Oh I do not at all get you wrong! I keep rabbits, ferrets, guinea pigs, snakes, lizards, torts, birds, mice, dogs, cats, and even a pair of horses. But like you, mine want for NOTHING! I spend hours and thousands keeping my babies happy!!!


----------



## Laigaie (Mar 7, 2011)

I'm in both the mouse fancy and in poultry. I don't show birds, as we live in the city and don't really have the space for a real breeding operation of birds, but we're starting with a small-scale production of black and barred OEGBs.


----------



## MoonfallTheFox (Nov 12, 2011)

I don't breed any of the animals I keep, but I love all of them. Among other things I have rats, mice, and chickens.


----------



## Shadowrunner (Sep 26, 2011)

I used to breed gouldian finches,canaries and cockatiels for showing, but the club got really hostile and I switched over to mice.

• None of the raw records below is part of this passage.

section \<open>The decomposition \<open>\<nu> = \<nu>\<^sub>1 \<circ> \<nu>\<^sub>2\<close>\<close>

locale decomposition = prevalued_cring R \<nu> for R (structure) and \<nu> + fixes \<Delta>
  assumes has_center: "has_center R \<nu>" and convex: "convex_subgroup \<Delta> (value_group R \<nu>)"
begin

abbreviation "P \<equiv> center1 R \<nu> \<Delta>"

lemma zero_mem_\<Delta>: "0 \<in> \<Delta>"
  and add_mem_\<Delta>: "x \<in> \<Delta> \<Longrightarrow> y \<in> \<Delta> \<Longrightarrow> x + y \<in> \<Delta>"
  and uminus_mem_\<Delta>: "x \<in> \<Delta> \<Longrightarrow> - x \<in> \<Delta>"
  using convex unfolding convex_subgroup_def add_subgroup_def by blast+

lemma val_mem_value_group: "a \<in> carrier R \<Longrightarrow> \<nu> a = Some g \<Longrightarrow> g \<in> value_group R \<nu>"
  unfolding value_group_def by auto

lemma val_nonneg: "a \<in> carrier R \<Longrightarrow> vle (Some 0) (\<nu> a)"
  using has_center unfolding has_center_def by auto

lemma mem_P_iff: "a \<in> P \<longleftrightarrow> a \<in> carrier R \<and> (\<forall>\<delta>\<in>\<Delta>. vlt (Some \<delta>) (\<nu> a))"
  unfolding center1_def by auto

text \<open>Outside \<open>P\<close> the value lies in \<open>\<Delta>\<close>: it is at most some \<open>\<delta> \<in> \<Delta>\<close> and nonnegative,
  so convexity applies.\<close>

lemma val_notin_P:
  assumes "a \<in> carrier R" "a \<notin> P"
  obtains g where "\<nu> a = Some g" "g \<in> \<Delta>"
proof -
  obtain \<delta> where \<delta>: "\<delta> \<in> \<Delta>" "\<not> vlt (Some \<delta>) (\<nu> a)" using assms mem_P_iff by auto
  then obtain g where g: "\<nu> a = Some g" "g \<le> \<delta>" unfolding vlt_def by (cases "\<nu> a") auto
  have "0 \<le> g" using val_nonneg[OF assms(1)] g by simp
  then have "g \<in> \<Delta>"
    using convex \<delta> g val_mem_value_group[OF assms(1) g(1)] zero_mem_\<Delta> unfolding convex_subgroup_def by blast
  with g show ?thesis using that by blast
qed

lemma mem_P_shift_iff:
  assumes "s \<in> carrier R" "s \<notin> P" "x \<in> carrier R" "vadd W (\<nu> s) = \<nu> x"
  shows "(\<forall>\<delta>\<in>\<Delta>. vlt (Some \<delta>) W) \<longleftrightarrow> x \<in> P"
proof -
  obtain g where g: "\<nu> s = Some g" "g \<in> \<Delta>" using val_notin_P assms by blast
  show ?thesis
  proof (cases W)
    case None
    then show ?thesis using assms g mem_P_iff by (auto simp: vlt_def)
  next
    case (Some c)
    have "(\<forall>\<delta>\<in>\<Delta>. \<delta> < c) \<longleftrightarrow> (\<forall>\<delta>\<in>\<Delta>. \<delta> < c + g)"
    proof
      assume "\<forall>\<delta>\<in>\<Delta>. \<delta> < c"
      then show "\<forall>\<delta>\<in>\<Delta>. \<delta> < c + g"
        using add_mem_\<Delta>[OF _ uminus_mem_\<Delta>[OF g(2)]] by (fastforce simp: algebra_simps)
    next
      assume "\<forall>\<delta>\<in>\<Delta>. \<delta> < c + g"
      then show "\<forall>\<delta>\<in>\<Delta>. \<delta> < c" using add_mem_\<Delta> g(2) by fastforce
    qed
    moreover have "\<nu> x = Some (c + g)" using assms g Some by simp
    ultimately show ?thesis using Some assms(3) mem_P_iff by (auto simp: vlt_def)
  qed
qed

lemma mult_mem_P_iff:
  assumes "a \<in> carrier R" "c \<in> carrier R"
  shows "a \<otimes> c \<in> P \<longleftrightarrow> a \<in> P \<or> c \<in> P"
proof
  assume ac: "a \<otimes> c \<in> P"
  show "a \<in> P \<or> c \<in> P"
  proof (rule ccontr)
    assume "\<not> (a \<in> P \<or> c \<in> P)"
    then obtain g h where "\<nu> a = Some g" "g \<in> \<Delta>" "\<nu> c = Some h" "h \<in> \<Delta>"
      using val_notin_P assms by metis
    then have "\<nu> (a \<otimes> c) = Some (g + h)" "g + h \<in> \<Delta>" using val_mult assms add_mem_\<Delta> by auto
    then show False using ac mem_P_iff by (auto simp: vlt_def)
  qed
next
  assume "a \<in> P \<or> c \<in> P"
  then show "a \<otimes> c \<in> P"
  proof
    assume "a \<in> P"
    then show ?thesis using assms val_nonneg[of c] val_mult[of a c] vlt_vadd_nonneg
      unfolding mem_P_iff by auto
  next
    assume c: "c \<in> P"
    have "vlt (Some \<delta>) (\<nu> (a \<otimes> c))" if "\<delta> \<in> \<Delta>" for \<delta>
      using vlt_vadd_nonneg[of \<delta> "\<nu> c" "\<nu> a"] c that val_nonneg[OF assms(1)]
        val_mult[OF assms] vadd_comm[of "\<nu> a" "\<nu> c"] mem_P_iff by auto
    then show ?thesis using assms mem_P_iff by auto
  qed
qed

lemma one_notin_P: "\<one> \<notin> P"
  using zero_mem_\<Delta> mem_P_iff by (auto simp: vlt_def)

lemma ideal_P: "ideal P R"
proof (intro subgroup.intro idealI[OF ring_axioms], simp_all add: a_inv_def[symmetric])
  show "P \<subseteq> carrier R" using mem_P_iff by auto
  show "\<zero> \<in> P" using mem_P_iff by (auto simp: vlt_def)
  show "x \<oplus> y \<in> P" if "x \<in> P" "y \<in> P" for x y
    using that val_add vlt_vmin vlt_vle_trans mem_P_iff by (meson add.m_closed)
  show "\<And>x. x \<in> P \<Longrightarrow> \<ominus> x \<in> P" using val_uminus mem_P_iff by auto
  show "\<And>a x. a \<in> P \<Longrightarrow> x \<in> carrier R \<Longrightarrow> x \<otimes> a \<in> P" using mult_mem_P_iff mem_P_iff by blast
  show "\<And>a x. a \<in> P \<Longrightarrow> x \<in> carrier R \<Longrightarrow> a \<otimes> x \<in> P" using mult_mem_P_iff mem_P_iff by blast
qed

lemma mem_P_iff_same_val: "a \<in> carrier R \<Longrightarrow> c \<in> carrier R \<Longrightarrow> \<nu> a = \<nu> c \<Longrightarrow> a \<in> P \<longleftrightarrow> c \<in> P"
  using mem_P_iff by auto

lemma mult_compl_P: "a \<in> carrier R - P \<Longrightarrow> c \<in> carrier R - P \<Longrightarrow> a \<otimes> c \<in> carrier R - P"
  using mult_mem_P_iff by auto

sublocale RP: localization R "carrier R - P"
  by unfold_locales (use one_notin_P mult_compl_P in auto)

sublocale P: ideal P R
  by (rule ideal_P)

abbreviation "Rq \<equiv> R Quot P"
abbreviation "\<nu>q \<equiv> nu2 R \<nu> P"

lemma cring_Rq: "cring Rq"
  by (rule P.quotient_is_cring[OF is_cring])

lemma coset_hom: "(\<lambda>x. P +> x) \<in> ring_hom R Rq"
  by (rule P.rcos_ring_hom)

lemma Rq_carrier: "carrier Rq = (\<lambda>x. P +> x) ` carrier R"
  unfolding FactRing_def A_RCOSETS_def' by auto

lemma Rq_cases: "U \<in> carrier Rq \<Longrightarrow> (\<And>x. x \<in> carrier R \<Longrightarrow> U = P +> x \<Longrightarrow> Q) \<Longrightarrow> Q"
  using Rq_carrier by auto

lemma Rq_zero: "\<zero>\<^bsub>Rq\<^esub> = P"
  unfolding FactRing_def by simp

lemma coset_eq_P_iff: "x \<in> carrier R \<Longrightarrow> P +> x = P \<longleftrightarrow> x \<in> P"
  using P.a_rcos_self P.a_rcos_const by metis

lemma coset_subset_P_iff: "x \<in> carrier R \<Longrightarrow> P +> x \<subseteq> P \<longleftrightarrow> x \<in> P"
  using P.a_rcos_self P.a_rcos_const by blast

text \<open>This is what makes \<open>nu2\<close> independent of the representative chosen by \<open>SOME\<close>.\<close>

lemma val_add_P:
  assumes "p \<in> P" "x \<in> carrier R" "x \<notin> P"
  shows "\<nu> (p \<oplus> x) = \<nu> x"
proof -
  have p: "p \<in> carrier R" using assms mem_P_iff by auto
  obtain g where g: "\<nu> x = Some g" "g \<in> \<Delta>" using val_notin_P assms by blast
  have lt: "vlt (\<nu> x) (\<nu> p)" using assms(1) g mem_P_iff by auto
  then have "\<not> vle (\<nu> p) (\<nu> x)" using vle_antisym unfolding vlt_def by blast
  then have "vle (\<nu> x) (\<nu> (p \<oplus> x))" using val_add[OF p assms(2)] unfolding vmin_def by simp
  moreover have "x = (p \<oplus> x) \<oplus> \<ominus> p" using p assms(2) by algebra
  then have "vle (vmin (\<nu> (p \<oplus> x)) (\<nu> p)) (\<nu> x)"
    using val_add[of "p \<oplus> x" "\<ominus> p"] val_uminus[OF p] p assms(2) by simp
  ultimately show ?thesis
    using lt vle_antisym unfolding vmin_def vlt_def by (cases "vle (\<nu> (p \<oplus> x)) (\<nu> p)") auto
qed

lemma nu2_coset: "x \<in> carrier R \<Longrightarrow> \<nu>q (P +> x) = (if x \<in> P then None else \<nu> x)"
proof (cases "x \<in> P")
  case False
  assume x: "x \<in> carrier R"
  have "(SOME a. a \<in> P +> x) \<in> P +> x" using P.a_rcos_self[OF x] by (rule someI)
  then obtain p where "p \<in> P" "(SOME a. a \<in> P +> x) = p \<oplus> x" unfolding a_r_coset_def' by auto
  then show ?thesis using False x coset_subset_P_iff val_add_P unfolding nu2_def by simp
qed (simp add: coset_subset_P_iff nu2_def)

Before that My whole family was involved with breeding Siamese and himi show cats.
But after volunteering for the local shelter and finding one of our babies in bad shape there, we decided to stop.
It wasn't worth it.


----------



## m137b (Sep 22, 2010)

I know I can't handle more than one active fancy. It takes so much work and time to stay competitive with just one species.

For 18 years I was very heavy in showing rabbits, went to 20+ shows a year, had 100+ animals, always had at litters on the ground, and spent every spare second working with my show animals. During all that time I had other animals, mice, cavys, and hamsters but they were always second to the buns. Now that we're not showing rarely breed I've gotten much more interested in the mice.

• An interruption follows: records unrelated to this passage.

lemma has_cycle_remove_leaf:
  assumes "has_cycle V E" "\<And>w. adj E v w \<Longrightarrow> w = u"
  shows "has_cycle (V - {v}) {e \<in> E. v \<notin> e}"
proof -
  obtain cs where cs: "length cs \<ge> 3" "distinct cs" "set cs \<subseteq> V" "adj_path E cs"
    "adj E (last cs) (hd cs)"
    using assms(1) unfolding has_cycle_iff by blast
  have "v \<notin> set cs"
    using cycle_vertex_two_neighbours[OF cs(1,2,4,5)] assms(2) by metis
  then have "adj {e \<in> E. v \<notin> e} a b" if "adj E a b" "a \<in> set cs" "b \<in> set cs" for a b
    using that unfolding adj_def by auto
  moreover have "cs ! j \<in> set cs" "cs ! (j + 1) \<in> set cs" if "j + 1 < length cs" for j
    using that by simp_all
  moreover have "last cs \<in> set cs" "hd cs \<in> set cs"
    using cs(1) by (auto intro: last_in_set hd_in_set)
  ultimately show ?thesis
    unfolding has_cycle_iff using cs \<open>v \<notin> set cs\<close> unfolding adj_path_def
    by (intro exI[of _ cs]) auto
qed

lemma tree_add_leaf:
  assumes "is_tree V E" "u \<in> V" "v \<notin> V"
  shows "is_tree (insert v V) (insert {v, u} E)"
proof -
  have graph: "is_graph V E" and conn: "connected_graph V E" and acyclic: "\<not> has_cycle V E"
    using assms(1) unfolding is_tree_def by auto
  have "is_graph (insert v V) (insert {v, u} E)"
    using graph assms(2,3) unfolding is_graph_def by (metis insertCI insertE)
  moreover have "(x, u) \<in> reach (insert {v, u} E)" if "x \<in> insert v V" for x
  proof (cases "x = v")
    case True
    then show ?thesis by (intro adj_imp_reach) (simp add: adj_def)
  next
    case False
    then have "(x, u) \<in> reach E" using conn that assms(2) unfolding connected_graph_def by auto
    then show ?thesis by (rule reach_mono[rotated]) auto
  qed
  then have "connected_graph (insert v V) (insert {v, u} E)"
    unfolding connected_graph_def by (metis reach_sym reach_trans)
  moreover have "\<not> has_cycle (insert v V) (insert {v, u} E)"
  proof
    assume "has_cycle (insert v V) (insert {v, u} E)"
    moreover have "w = u" if "adj (insert {v, u} E) v w" for w
      using that is_graph_adjD[OF graph, of v w] assms(3) by (auto simp: adj_def doubleton_eq_iff)
    ultimately have "has_cycle (insert v V - {v}) {e \<in> insert {v, u} E. v \<notin> e}"
      by (rule has_cycle_remove_leaf)
    then have "has_cycle V E" by (rule has_cycle_mono) auto
    then show False using acyclic by contradiction
  qed
  ultimately show ?thesis unfolding is_tree_def by blast
qed

lemma reach_remove_leaf:
  assumes "(x, y) \<in> reach E" "x \<noteq> v" "\<And>w. adj E v w \<Longrightarrow> w = u"
  shows "(x, y) \<in> reach (E - {{v, u}}) \<or> (y = v \<and> (x, u) \<in> reach (E - {{v, u}}))"
  using assms(1) unfolding reach_def[of E]
proof (induction rule: rtrancl_induct)
  case base
  then show ?case by (simp add: reach_def)
next
  case (step y z)
  then have yz: "adj E y z" by simp
  have v_isolated: "\<not> adj (E - {{v, u}}) w v" for w
    using assms(3) by (auto simp: adj_def insert_commute)
  from step.IH show ?case
  proof
    assume xy: "(x, y) \<in> reach (E - {{v, u}})"
    show ?thesis
    proof (cases "z = v")
      case True
      then have "y = u" using yz assms(3) adj_commute by metis
      then show ?thesis using xy True by simp
    next
      case False
      have "y \<noteq> v"
      proof
        assume "y = v"
        with xy have "(x, v) \<in> {(a, b). adj (E - {{v, u}}) a b}\<^sup>*" by (simp add: reach_def)
        then show False using assms(2) v_isolated by (cases rule: rtranclE) auto
      qed
      then have "adj (E - {{v, u}}) y z" using yz False by (auto simp: adj_def doubleton_eq_iff)
      then show ?thesis using xy adj_imp_reach reach_trans by blast
    qed
  next
    assume "y = v \<and> (x, u) \<in> reach (E - {{v, u}})"
    then show ?thesis using yz assms(3) by auto
  qed
qed

lemma tree_remove_leaf:
  assumes "is_tree V E" "adj E v u" "\<And>w. adj E v w \<Longrightarrow> w = u"
  shows "is_tree (V - {v}) (E - {{v, u}})"
proof -
  have graph: "is_graph V E" and conn: "connected_graph V E" and acyclic: "\<not> has_cycle V E"
    using assms(1) unfolding is_tree_def by auto
  have "is_graph (V - {v}) (E - {{v, u}})"
    unfolding is_graph_def
  proof
    fix e assume e: "e \<in> E - {{v, u}}"
    then obtain a b where ab: "e = {a, b}" "a \<in> V" "b \<in> V" "a \<noteq> b"
      using graph unfolding is_graph_def by blast
    have "a \<noteq> v" "b \<noteq> v"
      using e ab assms(3)[of a] assms(3)[of b] unfolding adj_def by (auto simp: insert_commute)
    then show "\<exists>a b. e = {a, b} \<and> a \<in> V - {v} \<and> b \<in> V - {v} \<and> a \<noteq> b"
      using ab by blast
  qed
  moreover have "connected_graph (V - {v}) (E - {{v, u}})"
    using conn reach_remove_leaf[OF _ _ assms(3)] unfolding connected_graph_def by blast
  moreover have "\<not> has_cycle (V - {v}) (E - {{v, u}})"
    using acyclic has_cycle_mono[of "V - {v}" "E - {{v, u}}" V E] by blast
  ultimately show ?thesis unfolding is_tree_def by blast
qed

lemma is_tree_singleton: "is_tree {r} {}"
proof -
  have "\<not> has_cycle {r} {}"
    unfolding has_cycle_def adj_def by simp
  then show ?thesis
    unfolding is_tree_def is_graph_def connected_graph_def reach_def by simp
qed

lemma adj_path_back_edge_cycle:
  assumes "distinct cs" "set cs \<subseteq> V" "adj_path E cs" "adj E (last cs) (cs ! j)"
    "j + 3 \<le> length cs"
  shows "has_cycle V E"
  unfolding has_cycle_iff
proof (intro exI[of _ "drop j cs"] conjI)
  have "hd (drop j cs) = cs ! j" "last (drop j cs) = last cs"
    using assms(5) by (simp_all add: hd_drop_conv_nth)
  then show "adj E (last (drop j cs)) (hd (drop j cs))" using assms(4) by simp
qed (use assms in \<open>auto simp: adj_path_drop dest: in_set_dropD\<close>)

I also raise/breed rats and chickens but wouldn't even consider showing them while I'm working on the mice.


----------



## SarahC (Oct 3, 2008)

I over do everything Richard.I could do without going to work there is so much work at home and this time of year there is little joy in doing it.I am once and for all reducing my mice which has been on going over the last month.I've joined the rabbit club and something has to give.I'm staying small time with the rabbits though.


----------



## Cait (Oct 3, 2008)

I only show mice, though people have tried to tempt me into other fancies in the past :lol:


----------



## WillowDragon (Jan 7, 2009)

Mice and cavies


----------



## SarahY (Nov 6, 2008)

I go to, on average, two mouse shows a month. I couldn't possibly fit in showing another species.


----------



## Richard (Mar 10, 2009)

Well i'm glad i'm not the only one who goes over board and has too many animals but I will be relieved when they have all gone!! lol


----------